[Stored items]
★ ★ ★

(* Let $\theta\le0$ be such that $F_\theta(t_1,t_2)=t_1^{\,1+\theta\log t_2}\,t_2$, $0<t_1,t_2<1$, is a bivariate distribution function. Let $X=(X_1,X_2)$ be a nonnegative bivariate random vector with absolutely continuous distribution function $F$ supported in $(0,1)^2$, finite $\overline\varepsilon^*_i(X;t_1,t_2)$ and bivariate EIT components $m_i^X(t_1,t_2)$. Then $$\overline\varepsilon^*_i(X;t_1,t_2)=\left(\frac{1+\theta\log t_j}{2+\theta\log t_j}\right)m_i^X(t_1,t_2),\qquad i,j\in\{1,2\},\ i\ne j,$$ holds for all $0<t_1,t_2<1$ if and only if $F=F_\theta$, i.e. $F(t_1,t_2)=t_1^{\,1+\theta\log t_2}\,t_2$ for $0<t_1,t_2<1$.
   Context: Let $F(x_1,x_2)=P(X_1\le x_1,X_2\le x_2)$. For $t_1,t_2>0$ with $F(t_1,t_2)>0$ define the conditional dynamic cumulative past entropies (CDCPE) $$\overline\varepsilon^*_1(X;t_1,t_2)=-\int_0^{t_1}\frac{F(x_1,t_2)}{F(t_1,t_2)}\log\frac{F(x_1,t_2)}{F(t_1,t_2)}dx_1,\qquad \overline\varepsilon^*_2(X;t_1,t_2)=-\int_0^{t_2}\frac{F(t_1,x_2)}{F(t_1,t_2)}\log\frac{F(t_1,x_2)}{F(t_1,t_2)}dx_2,$$ and the components of the bivariate expected inactivity time $m_1^X(t_1,t_2)=\frac{1}{F(t_1,t_2)}\int_0^{t_1}F(x_1,t_2)dx_1$, $m_2^X(t_1,t_2)=\frac{1}{F(t_1,t_2)}\int_0^{t_2}F(t_1,x_2)dx_2$ (i.e. $m_i^X(t_1,t_2)=E(t_i-X_i\mid X_1<t_1,X_2<t_2)$). *)

theory Defs
  imports "HOL-Probability.Probability"
begin

definition abs_cont_df_unit_sq :: "(real \<Rightarrow> real \<Rightarrow> real) \<Rightarrow> bool" where
  "abs_cont_df_unit_sq F \<longleftrightarrow>
     (\<exists>f :: real \<times> real \<Rightarrow> real.
        (\<forall>z. 0 \<le> f z) \<and>
        (\<forall>z. z \<notin> {0<..<1} \<times> {0<..<1} \<longrightarrow> f z = 0) \<and>
        (f has_integral 1) UNIV \<and>
        (\<forall>x1 x2. (f has_integral F x1 x2) ({..x1} \<times> {..x2})))"

definition is_bivariate_df_on_unit_sq :: "(real \<Rightarrow> real \<Rightarrow> real) \<Rightarrow> bool" where
  "is_bivariate_df_on_unit_sq G \<longleftrightarrow>
     (\<exists>M :: (real \<times> real) measure. prob_space M \<and> sets M = sets borel \<and>
        (\<forall>t1 t2. 0 < t1 \<and> t1 < 1 \<and> 0 < t2 \<and> t2 < 1 \<longrightarrow>
            G t1 t2 = measure M ({..t1} \<times> {..t2})))"

definition F_theta :: "real \<Rightarrow> real \<Rightarrow> real \<Rightarrow> real" where
  "F_theta \<theta> t1 t2 = t1 powr (1 + \<theta> * ln t2) * t2"

definition cdcpe1 :: "(real \<Rightarrow> real \<Rightarrow> real) \<Rightarrow> real \<Rightarrow> real \<Rightarrow> real" where
  "cdcpe1 F t1 t2 = - integral {0..t1}
      (\<lambda>x1. (F x1 t2 / F t1 t2) * ln (F x1 t2 / F t1 t2))"

definition cdcpe2 :: "(real \<Rightarrow> real \<Rightarrow> real) \<Rightarrow> real \<Rightarrow> real \<Rightarrow> real" where
  "cdcpe2 F t1 t2 = - integral {0..t2}
      (\<lambda>x2. (F t1 x2 / F t1 t2) * ln (F t1 x2 / F t1 t2))"

definition eit1 :: "(real \<Rightarrow> real \<Rightarrow> real) \<Rightarrow> real \<Rightarrow> real \<Rightarrow> real" where
  "eit1 F t1 t2 = integral {0..t1} (\<lambda>x1. F x1 t2) / F t1 t2"

definition eit2 :: "(real \<Rightarrow> real \<Rightarrow> real) \<Rightarrow> real \<Rightarrow> real \<Rightarrow> real" where
  "eit2 F t1 t2 = integral {0..t2} (\<lambda>x2. F t1 x2) / F t1 t2"

end

theory Submission
  imports Defs "HOL-Real_Asymp.Real_Asymp"
begin

(* Fix t2 and write G x = F x t2, A t = integral of G over [0, t] and B t = integral of G ln G
   over [0, t]. With c = a / (a + 1), a = 1 + theta ln t2, the identity CDCPE = c EIT for G reads
   ln G t = c + B t / A t. The right-hand side is continuous, hence so is G, so A and B are C^1 and
   (B / A - c ln A)' = 0, i.e. G = E A^c. This separable equation A' = E A^c together with
   A (0+) = 0 forces A^(1 - c) = (1 - c) E t, hence G x = K x^a. Conversely, power functions satisfy
   the identity by a direct computation. So the identities for both i = 1, 2 say exactly that every
   section of F is a power function with the exponent of F_theta; then F / F_theta is constant on the
   open square, and the constant is 1 because F (s, s) tends to 1 as s tends to 1. *)

definition cum_past_entropy :: "(real \<Rightarrow> real) \<Rightarrow> real \<Rightarrow> real" where
  "cum_past_entropy G t = - integral {0..t} (\<lambda>x. G x / G t * ln (G x / G t))"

★ ★ ★

# WORK TO BE COMPLETED
Using the entries above, find all lines with "that". Copy them.

# ANSWER TO THE PROBLEM
(* Let $\theta\le0$ be such that $F_\theta(t_1,t_2)=t_1^{\,1+\theta\log t_2}\,t_2$, $0<t_1,t_2<1$, is a bivariate distribution function. Let $X=(X_1,X_2)$ be a nonnegative bivariate random vector with absolutely continuous distribution function $F$ supported in $(0,1)^2$, finite $\overline\varepsilon^*_i(X;t_1,t_2)$ and bivariate EIT components $m_i^X(t_1,t_2)$. Then $$\overline\varepsilon^*_i(X;t_1,t_2)=\left(\frac{1+\theta\log t_j}{2+\theta\log t_j}\right)m_i^X(t_1,t_2),\qquad i,j\in\{1,2\},\ i\ne j,$$ holds for all $0<t_1,t_2<1$ if and only if $F=F_\theta$, i.e. $F(t_1,t_2)=t_1^{\,1+\theta\log t_2}\,t_2$ for $0<t_1,t_2<1$.
   the identity by a direct computation. So the identities for both i = 1, 2 say exactly that every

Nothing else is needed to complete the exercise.